== WHAT TO WORK ON ==
State how many lines in the listing below include the word "then", and add nothing besides the number.

== RAW DATA ==
lemma moment_const_nonneg: "moment_const \<ge> 0"
proof -
  have "-ln off_peak_bound > 0" using off_peak_bound by simp
  then show ?thesis
    unfolding moment_const_def using a_pos base_moment_nonneg
    by (intro mult_nonneg_nonneg add_nonneg_nonneg divide_nonneg_pos) auto
qed

lemma tempered_fifth_moment_le:
  assumes \<beta>: "\<beta> \<ge> base_exp"
  shows "(\<integral>\<^sup>+x. ennreal (\<bar>x\<bar>^5) \<partial>tempered f \<beta>) \<le> ennreal (moment_const / (\<beta>^2 * sqrt \<beta>))"
proof -
  let ?q = off_peak_bound
  define C1 where "C1 = 2/a^3 + ?q powr (-base_exp) * base_moment * (27 / (-ln ?q)^3)"
  define num where "num = 2/(a*\<beta>)^3 + ?q powr (\<beta>-base_exp) * base_moment"
  have num: "0 \<le> num" "num \<le> C1 / \<beta>^3"
    using \<beta> base_exp a_pos base_moment_nonneg fifth_moment_numerator_le[OF \<beta>]
    by (auto simp: num_def C1_def)
  have N: "0 < Nf f \<beta>" "2 * exp (-A) / sqrt \<beta> \<le> Nf f \<beta>" using Nf_pos Nf_ge \<beta> by auto
  have "(\<integral>\<^sup>+x. ennreal (\<bar>x\<bar>^5) \<partial>tempered f \<beta>)
      = (\<integral>\<^sup>+x. ennreal (1 / Nf f \<beta>) * ennreal (f x powr \<beta> * \<bar>x\<bar>^5) \<partial>lborel)"
    using N by (subst nn_integral_density) (auto intro!: nn_integral_cong simp: field_simps simp flip: ennreal_mult)
  also have "\<dots> \<le> ennreal (1 / Nf f \<beta>) * ennreal num"
    unfolding num_def using nn_integral_f_powr_abs_pow5_le[OF \<beta>]
    by (subst nn_integral_cmult) (auto intro: mult_left_mono)
  also have "\<dots> = ennreal (num / Nf f \<beta>)" using N num by (simp flip: ennreal_mult)
  also have "num / Nf f \<beta> \<le> (C1 / \<beta>^3) / (2 * exp (-A) / sqrt \<beta>)"
    using num N \<beta> base_exp by (intro frac_le) auto
  also have "\<dots> = moment_const / (\<beta>^2 * sqrt \<beta>)"
  proof -
    have "sqrt \<beta> * sqrt \<beta> = \<beta>" using \<beta> base_exp by simp
    moreover have "moment_const = C1 * exp A / 2" by (simp add: moment_const_def C1_def)
    ultimately show ?thesis
      using \<beta> base_exp by (simp add: exp_minus field_simps power3_eq_cube power2_eq_square)
  qed
  finally show ?thesis by (simp add: ennreal_leI)
qed

lemma measure_abs_sum_Rem_gt_le:
  assumes "H \<noteq> 0" and "c \<ge> 0" and Rem_le: "\<And>z. \<bar>Rem f z\<bar> \<le> c * \<bar>z\<bar>^5" and "\<epsilon> > 0"
    and \<beta>: "\<beta> \<ge> base_exp"
  shows "measure (joint_law f H \<beta> d)
           {p \<in> space (joint_law f H \<beta> d). \<bar>\<beta> * (\<Sum>i<d. Rem f (snd p i) - Rem f (fst p i))\<bar> > \<epsilon>}
         \<le> c * real d * (moment_const + 8 * sqrt (2/pi) / sqrt \<bar>H\<bar> ^ 5) / (\<epsilon> * \<beta> * sqrt \<beta>)"
proof -
  have "\<beta> > 0" using \<beta> base_exp by simp
  define \<sigma> where "\<sigma> = 1 / sqrt (\<beta> * \<bar>H\<bar>)"
  have \<sigma>: "\<sigma> > 0" using \<open>\<beta> > 0\<close> \<open>H \<noteq> 0\<close> by (simp add: \<sigma>_def)
  have "sqrt \<beta> ^ 5 = \<beta>^2 * sqrt \<beta>" using \<open>\<beta> > 0\<close> by (simp add: eval_nat_numeral)
  then have gauss_moment: "8 * \<sigma>^5 * sqrt (2/pi) = (8 * sqrt (2/pi) / sqrt \<bar>H\<bar> ^ 5) / (\<beta>^2 * sqrt \<beta>)"
    using \<open>\<beta> > 0\<close> \<open>H \<noteq> 0\<close> by (simp add: \<sigma>_def real_sqrt_mult power_mult_distrib field_simps)
  have "measure (joint_law f H \<beta> d)
           {p \<in> space (joint_law f H \<beta> d). \<bar>\<beta> * (\<Sum>i<d. Rem f (snd p i) - Rem f (fst p i))\<bar> > \<epsilon>}
         \<le> \<beta> * c * real d * (moment_const / (\<beta>^2 * sqrt \<beta>) + 8 * \<sigma>^5 * sqrt (2/pi)) / \<epsilon>"
    unfolding joint_law_def \<sigma>_def[symmetric]
    using prob_space_tempered[OF \<beta>] prob_space_normal_density[OF \<sigma>] tempered_fifth_moment_le[OF \<beta>]
      normal_fifth_abs_moment[OF \<sigma>] moment_const_nonneg \<open>\<beta> > 0\<close> \<open>c \<ge> 0\<close> \<open>\<epsilon> > 0\<close> \<sigma>
    by (intro measure_abs_sum_diff_gt_le Rem_le) auto
  also have "\<dots> = c * real d * (moment_const + 8 * sqrt (2/pi) / sqrt \<bar>H\<bar> ^ 5) / (\<epsilon> * \<beta> * sqrt \<beta>)"
    using \<open>\<beta> > 0\<close> \<open>\<epsilon> > 0\<close> unfolding gauss_moment by (simp add: field_simps power2_eq_square)
  finally show ?thesis .
qed

theorem tendsto_measure_abs_sum_Rem_gt:
  assumes "H \<noteq> 0" and "l > 0" and "c \<ge> 0" and Rem_le: "\<And>z. \<bar>Rem f z\<bar> \<le> c * \<bar>z\<bar>^5" and "\<epsilon> > 0"
  shows "((\<lambda>d::nat. measure (joint_law f H (l * real d) d)
           {p \<in> space (joint_law f H (l * real d) d).
              \<bar>(l * real d) * (\<Sum>i<d. Rem f (snd p i) - Rem f (fst p i))\<bar> > \<epsilon>}) \<longlongrightarrow> 0) sequentially"
proof -
  let ?P = "\<lambda>d::nat. measure (joint_law f H (l * real d) d)
           {p \<in> space (joint_law f H (l * real d) d).
              \<bar>(l * real d) * (\<Sum>i<d. Rem f (snd p i) - Rem f (fst p i))\<bar> > \<epsilon>}"
  define Z where "Z = moment_const + 8 * sqrt (2/pi) / sqrt \<bar>H\<bar> ^ 5"
  define B where "B = c * Z / (\<epsilon> * l * sqrt l)"
  have P_le: "?P d \<le> B / sqrt (real d)" if d: "d \<ge> nat \<lceil>base_exp / l\<rceil> + 1" for d
  proof -
    have "real d > 0" and "base_exp / l \<le> real d" using d by linarith+
    then have \<beta>: "l * real d \<ge> base_exp" using \<open>l > 0\<close> by (simp add: field_simps)
    have "?P d \<le> c * real d * Z / (\<epsilon> * (l * real d) * sqrt (l * real d))"
      unfolding Z_def
      by (rule measure_abs_sum_Rem_gt_le[OF assms(1,3) Rem_le assms(5) \<beta>])
    also have "\<dots> = B / sqrt (real d)"
      using \<open>l > 0\<close> \<open>real d > 0\<close> by (simp add: B_def real_sqrt_mult field_simps)
    finally show ?thesis .
  qed
  have "\<forall>\<^sub>F d in sequentially. 0 \<le> ?P d" by simp
  moreover have "\<forall>\<^sub>F d in sequentially. ?P d \<le> B / sqrt (real d)"
    using P_le by (rule eventually_sequentiallyI)
  moreover have "((\<lambda>d::nat. B / sqrt (real d)) \<longlongrightarrow> 0) sequentially" by real_asymp
  ultimately show ?thesis
    by (rule tendsto_sandwich[OF _ _ tendsto_const])
qed

end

== RESULT OF THE EXERCISE ==
3